Reviews
“Ciuba’s emphasis on Percy’s apocalyptics effectively traces the thematic and stylistic ligature that unifies his work, so that, by the end of Walker Percy: Books of Revelations, the reader feels as if he or she has actually glimpsed the figure in the carpet that is woven into the fabric of Percy’s fiction.”
—Mississippi Quarterly
Description
In Walker Percy: Books of Revelations, Gary M. Ciuba examines how Percy’s apocalyptic vision inspires the structure, themes, and strategies of his fiction. This book explores the unity of the southern novelist’s fiction by focusing on its religious and artistic design—one of the first studies to approach Percy’s work from this perspective.

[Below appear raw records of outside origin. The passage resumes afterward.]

text \<open>\<open>e (I - P) + G = (e I + G) (I - e (e I + G)\<^sup>-\<^sup>1 P)\<close>, and the second factor is a perturbation
  of the identity by a map of norm at most 1/2, hence invertible by the contraction principle.\<close>

lemma projected_regularization_bij:
  assumes e: "e > 0" and small: "(\<Sum>i\<in>E. norm (e *\<^sub>R regularized_inverse e i)) \<le> 1/2"
  shows "bij (\<lambda>y. e *\<^sub>R (y - P y) + G y)"
proof -
  have "\<exists>!w. regularized_inverse e (y + e *\<^sub>R P w) = w" for y
  proof (rule banach_fix_type[where c="1/2"])
    show "\<forall>w w'. dist (regularized_inverse e (y + e *\<^sub>R P w)) (regularized_inverse e (y + e *\<^sub>R P w'))
        \<le> 1/2 * dist w w'"
    proof (intro allI)
      fix w w'
      have lin: "linear (regularized_inverse e)" by (rule linear_regularized_inverse[OF e])
      have "regularized_inverse e (y + e *\<^sub>R P w) - regularized_inverse e (y + e *\<^sub>R P w')
          = regularized_inverse e ((y + e *\<^sub>R P w) - (y + e *\<^sub>R P w'))"
        by (rule linear_diff[OF lin, symmetric])
      also have "(y + e *\<^sub>R P w) - (y + e *\<^sub>R P w') = e *\<^sub>R P (w - w')"
        by (simp add: linear_diff[OF linear_P] scaleR_diff_right)
      also have "regularized_inverse e (e *\<^sub>R P (w - w')) = e *\<^sub>R regularized_inverse e (P (w - w'))"
        by (rule linear_scale[OF lin])
      finally have "regularized_inverse e (y + e *\<^sub>R P w) - regularized_inverse e (y + e *\<^sub>R P w')
          = e *\<^sub>R regularized_inverse e (P (w - w'))" .
      then show "dist (regularized_inverse e (y + e *\<^sub>R P w)) (regularized_inverse e (y + e *\<^sub>R P w'))
          \<le> 1/2 * dist w w'"
        using norm_scaled_regularized_inverse_P_le[OF e small, of "w - w'"] by (simp add: dist_norm)
    qed
  qed auto
  then show ?thesis
    unfolding bij_iff using projected_regularization_eq_iff[OF e] by simp
qed

lemma norm_scaled_inv_projected_regularization_le:
  assumes e: "e > 0" and small: "(\<Sum>i\<in>E. norm (e *\<^sub>R regularized_inverse e i)) \<le> 1/2"
  shows "norm (e *\<^sub>R inv (\<lambda>y. e *\<^sub>R (y - P y) + G y) x) \<le> 2 * norm (e *\<^sub>R regularized_inverse e x)"
proof -
  define w where "w = inv (\<lambda>y. e *\<^sub>R (y - P y) + G y) x"
  have "e *\<^sub>R (w - P w) + G w = x"
    unfolding w_def using surj_f_inv_f[OF bij_is_surj[OF projected_regularization_bij[OF e small]], of x]
    by simp
  then have "regularized_inverse e (x + e *\<^sub>R P w) = w"
    using projected_regularization_eq_iff[OF e] by blast
  moreover have "regularized_inverse e (x + e *\<^sub>R P w)
      = regularized_inverse e x + regularized_inverse e (P (e *\<^sub>R w))"
    using linear_regularized_inverse[OF e] linear_P by (simp add: linear_add linear_scale)
  ultimately have "e *\<^sub>R w = e *\<^sub>R regularized_inverse e x + e *\<^sub>R regularized_inverse e (P (e *\<^sub>R w))"
    by (metis scaleR_add_right)
  then have "norm (e *\<^sub>R w)
      \<le> norm (e *\<^sub>R regularized_inverse e x) + norm (e *\<^sub>R regularized_inverse e (P (e *\<^sub>R w)))"
    by (metis norm_triangle_ineq)
  also have "\<dots> \<le> norm (e *\<^sub>R regularized_inverse e x) + 1/2 * norm (e *\<^sub>R w)"
    using norm_scaled_regularized_inverse_P_le[OF e small] by (intro add_left_mono)
  finally show ?thesis unfolding w_def by simp
qed

lemma projected_regularization_conditions_if_positive:
  assumes pos: "\<And>x. x \<noteq> 0 \<Longrightarrow> G x \<bullet> x > 0"
  shows "\<forall>\<^sub>F e in at_right 0. bij (\<lambda>y. e *\<^sub>R (y - orth_proj M y) + G y)"
    and "((\<lambda>e. e *\<^sub>R inv (\<lambda>y. e *\<^sub>R (y - orth_proj M y) + G y) x) \<longlongrightarrow> 0) (at_right 0)"
proof -
  have lim: "((\<lambda>e. e *\<^sub>R regularized_inverse e x) \<longlongrightarrow> 0) (at_right 0)" for x
    by (rule scaled_regularized_inverse_tendsto_0_if_positive[OF pos])
  have "((\<lambda>e. \<Sum>i\<in>E. norm (e *\<^sub>R regularized_inverse e i)) \<longlongrightarrow> (\<Sum>i\<in>E. 0)) (at_right 0)"
    by (intro tendsto_sum tendsto_norm_zero lim)
  then have "\<forall>\<^sub>F e in at_right 0. (\<Sum>i\<in>E. norm (e *\<^sub>R regularized_inverse e i)) < 1/2"
    by (rule order_tendstoD) simp
  then have small: "\<forall>\<^sub>F e in at_right 0. e > 0 \<and> (\<Sum>i\<in>E. norm (e *\<^sub>R regularized_inverse e i)) \<le> 1/2"
    using eventually_at_right_less[of "0::real"] by eventually_elim auto
  then show "\<forall>\<^sub>F e in at_right 0. bij (\<lambda>y. e *\<^sub>R (y - orth_proj M y) + G y)"
    by eventually_elim (unfold orth_proj_eq_P, blast intro: projected_regularization_bij)
  show "((\<lambda>e. e *\<^sub>R inv (\<lambda>y. e *\<^sub>R (y - orth_proj M y) + G y) x) \<longlongrightarrow> 0) (at_right 0)"
  proof (rule Lim_null_comparison)
    show "\<forall>\<^sub>F e in at_right 0. norm (e *\<^sub>R inv (\<lambda>y. e *\<^sub>R (y - orth_proj M y) + G y) x)
        \<le> 2 * norm (e *\<^sub>R regularized_inverse e x)"
      using small
      by eventually_elim (unfold orth_proj_eq_P, blast intro: norm_scaled_inv_projected_regularization_le)
    show "((\<lambda>e. 2 * norm (e *\<^sub>R regularized_inverse e x)) \<longlongrightarrow> 0) (at_right 0)"
      by (intro tendsto_mult_right_zero tendsto_norm_zero lim)
  qed
qed

lemma positive_if_projected_regularization_conditions:
  assumes bij: "\<forall>\<^sub>F e in at_right 0. bij (\<lambda>y. e *\<^sub>R (y - orth_proj M y) + G y)"
    and lim: "\<And>x. ((\<lambda>e. e *\<^sub>R inv (\<lambda>y. e *\<^sub>R (y - orth_proj M y) + G y) x) \<longlongrightarrow> 0) (at_right 0)"
    and "x \<noteq> 0"
  shows "G x \<bullet> x > 0"
proof (rule ccontr)
  assume "\<not> G x \<bullet> x > 0"
  then have "G x = 0" using nonneg[of x] eq_0_if_form_eq_0 by force
  text \<open>A kernel vector x is recovered from \<open>x - P x\<close> by every \<open>e (e (I - P) + G)\<^sup>-\<^sup>1\<close>.\<close>
  have "\<forall>\<^sub>F e in at_right 0. e *\<^sub>R inv (\<lambda>y. e *\<^sub>R (y - orth_proj M y) + G y) (x - P x) = x"
    using bij eventually_at_right_less[of "0::real"]
  proof eventually_elim
    case (elim e)
    have "e *\<^sub>R ((1/e) *\<^sub>R x - P ((1/e) *\<^sub>R x)) + G ((1/e) *\<^sub>R x) = x - P x"
      using elim(2) \<open>G x = 0\<close> linear_scale[OF linear_G] linear_scale[OF linear_P]
      by (simp add: scaleR_diff_right)
    then have "inv (\<lambda>y. e *\<^sub>R (y - P y) + G y) (x - P x) = (1/e) *\<^sub>R x"
      using inv_f_f[OF bij_is_inj[OF elim(1)[unfolded orth_proj_eq_P]], of "(1/e) *\<^sub>R x"] by simp
    then show ?case using elim(2) by (simp add: orth_proj_eq_P)
  qed
  then have "x = 0" using lim by (rule tendsto_const_at_right_0)
  then show False using \<open>x \<noteq> 0\<close> by blast
qed

end

section \<open>Controllability\<close>

lemma approx_controllable_if_finite_approx_controllable:
  "finite_approx_controllable S B T M \<Longrightarrow> approx_controllable S B T"
  unfolding finite_approx_controllable_def approx_controllable_def by blast

context control_system
begin

lemma positive_operator_gramian: "positive_operator (gramian S B T)"
  unfolding positive_operator_def using bounded_linear_gramian gramian_symmetric gramian_nonneg by blast

lemma gramian_positive_if_approx_controllable:
  assumes "approx_controllable S B T" and "x \<noteq> 0"
  shows "gramian S B T x \<bullet> x > 0"
proof (rule ccontr)
  assume "\<not> gramian S B T x \<bullet> x > 0"
  then have "gramian S B T x \<bullet> x = 0" using gramian_nonneg[of x] by simp
  then have control_0: "\<And>s. s \<in> {0..T} \<Longrightarrow> gram_control x s = 0" by (rule gram_control_eq_0)
  have "\<exists>u\<in>L2_controls T. norm (mild_solution S B 0 u T - x) < norm x"
    using assms unfolding approx_controllable_def by simp
  then obtain u where u: "norm (mild_solution S B 0 u T - x) < norm x" by blast
  define y where "y = mild_solution S B 0 u T"
  have "y \<bullet> x = 0"
  proof (cases "(\<lambda>s. S (T - s) (B (u s))) integrable_on {0..T}")
    case True
    then have "y \<bullet> x = integral {0..T} (\<lambda>s. u s \<bullet> gram_control x s)"
      unfolding y_def mild_solution_def by (simp add: integral_inner_gram_control)
    also have "\<dots> = integral {0..T} (\<lambda>s. 0)" by (rule integral_cong) (simp add: control_0)
    finally show ?thesis by simp
  qed (simp add: y_def mild_solution_def not_integrable_integral)
  then have "(norm (y - x))\<^sup>2 = (norm y)\<^sup>2 + (norm x)\<^sup>2"
    by (simp add: power2_norm_eq_inner inner_diff_left inner_diff_right inner_commute)
  then have "norm x \<le> norm (y - x)" by (simp add: power2_le_imp_le)
  then show False using u by (simp add: y_def)
qed

lemma finite_approx_controllable_if_projected_regularization_conditions:
  assumes "finite_orthonormal_basis E M"
    and bij: "\<forall>\<^sub>F e in at_right 0. bij (\<lambda>y. e *\<^sub>R (y - orth_proj M y) + gramian S B T y)"
    and lim: "\<And>x. ((\<lambda>e. e *\<^sub>R inv (\<lambda>y. e *\<^sub>R (y - orth_proj M y) + gramian S B T y) x) \<longlongrightarrow> 0)
      (at_right 0)"
  shows "finite_approx_controllable S B T M"
  unfolding finite_approx_controllable_def
proof (intro allI impI)
  interpret finite_orthonormal_basis E M by fact
  fix y0 yf :: 'x and \<epsilon> :: real assume "\<epsilon> > 0"
  define h where "h = yf - S T y0"
  let ?K = "\<lambda>e y. e *\<^sub>R (y - P y) + gramian S B T y"
  have "\<forall>\<^sub>F e in at_right 0. e > 0 \<and> bij (?K e) \<and> norm (e *\<^sub>R inv (?K e) h) < \<epsilon>"
    using eventually_at_right_less[of "0::real"] bij tendstoD[OF lim \<open>\<epsilon> > 0\<close>, of h]
    by eventually_elim (simp add: orth_proj_eq_P)
  then obtain e where e: "e > 0" "bij (?K e)" "norm (e *\<^sub>R inv (?K e) h) < \<epsilon>"
    using eventually_happens trivial_limit_at_right_real by blast
  define x where "x = inv (?K e) h"
  have "e *\<^sub>R (x - P x) + gramian S B T x = h"
    unfolding x_def using surj_f_inv_f[OF bij_is_surj[OF e(2)], of h] by simp
  then have miss: "mild_solution S B y0 (gram_control x) T - yf = - (e *\<^sub>R (x - P x))"
    unfolding mild_solution_gram_control h_def by (simp add: algebra_simps)
  have "norm (mild_solution S B y0 (gram_control x) T - yf) \<le> e * norm x"
    unfolding miss using norm_diff_P_le[of x] e(1) by (simp add: mult_left_mono)
  also have "\<dots> < \<epsilon>" using e(1,3) by (simp add: x_def)
  finally have "norm (mild_solution S B y0 (gram_control x) T - yf) < \<epsilon>" .
  moreover have "P (mild_solution S B y0 (gram_control x) T) = P yf"
  proof -
    have "mild_solution S B y0 (gram_control x) T = yf - e *\<^sub>R (x - P x)"
      using miss by (simp add: algebra_simps)
    then show ?thesis
      by (simp add: linear_diff[OF linear_P] linear_scale[OF linear_P] P_idem)
  qed
  moreover have "gram_control x \<in> L2_controls T"
    by (rule continuous_in_L2_controls[OF continuous_on_gram_control T_pos])
  ultimately show "\<exists>u\<in>L2_controls T. norm (mild_solution S B y0 u T - yf) < \<epsilon>
      \<and> orth_proj M (mild_solution S B y0 u T) = orth_proj M yf"
    unfolding orth_proj_eq_P by blast
qed

end
(* (i) Let $C'$ be a ternary Euclidean LCD $[n,k]$ code with $k\ge1$. Then there exist a ternary Euclidean LCD $[n,k-1]$ code $C$ with generator matrix $G$ and a vector $\mathbf{y}\in C^{\perp_E}$ with $wt(\mathbf{y})\not\equiv 0\pmod 3$ such that $C'$ is the code with generator matrix $\begin{pmatrix}\mathbf{y}\\ G\end{pmatrix}$. (ii) Let $C'$ be a quaternary Hermitian LCD $[n,k]$ code with $k\ge 1$. Then there exist a quaternary Hermitian LCD $[n,k-1]$ code $C$ with generator matrix $G$ and a vector $\mathbf{y}\in C^{\perp_H}$ of odd Hamming weight such that $C'$ is the code with generator matrix $\begin{pmatrix}\mathbf{y}\\ G\end{pmatrix}$.
   Context: Ternary and quaternary codes are linear codes over $\mathbb{F}_3$ and $\mathbb{F}_4$. An $[n,k]$ code is a $k$-dimensional subspace; a generator matrix has rows forming a basis. $wt$ is the Hamming weight. Euclidean inner product $\langle x,y\rangle_E=\sum x_iy_i$ with dual $C^{\perp_E}$; on $\mathbb{F}_4^n$ the Hermitian inner product is $\langle x,y\rangle_H=\sum x_iy_i^2$ with dual $C^{\perp_H}$. A code is (Euclidean/Hermitian) LCD if $C\cap C^{\perp}=\{0\}$. *)

theory Defs
  imports "HOL-Analysis.Analysis"
begin

datatype F3 = T0 | T1 | T2

fun f3_add :: "F3 \<Rightarrow> F3 \<Rightarrow> F3" where
  "f3_add T0 b = b"
| "f3_add a T0 = a"
| "f3_add T1 T1 = T2"
| "f3_add T1 T2 = T0"
| "f3_add T2 T1 = T0"
| "f3_add T2 T2 = T1"

fun f3_mul :: "F3 \<Rightarrow> F3 \<Rightarrow> F3" where
  "f3_mul T0 b = T0"
| "f3_mul a T0 = T0"
| "f3_mul T1 b = b"
| "f3_mul a T1 = a"
| "f3_mul T2 T2 = T1"

fun f3_neg :: "F3 \<Rightarrow> F3" where
  "f3_neg T0 = T0" | "f3_neg T1 = T2" | "f3_neg T2 = T1"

Ciuba considers Percy’s six published novels—The Moviegoer, The Last Gentleman, Love in the Ruins, Lancelot, The Second Coming, and The Thanatos Syndrome—and also offers the first extended critical analysis of his unpublished work “The Gramercy Winner.” Although the novels are often seen as increasingly satiric jeremiads about the possible doom of America, Ciuba argues that Percy’s fiction is principally shaped by a demythologized and partially realized form of eschatology. This apocalyptic vision has less to do with the end of the external world than with the demise of the protagonists’ internal worldviews.
According to Ciuba, Percy does more than offer direly comic warnings about the end of the world; he shows how the world actually ends and then may begin again in the everyday lives and extraordinary loves of his astonished seers.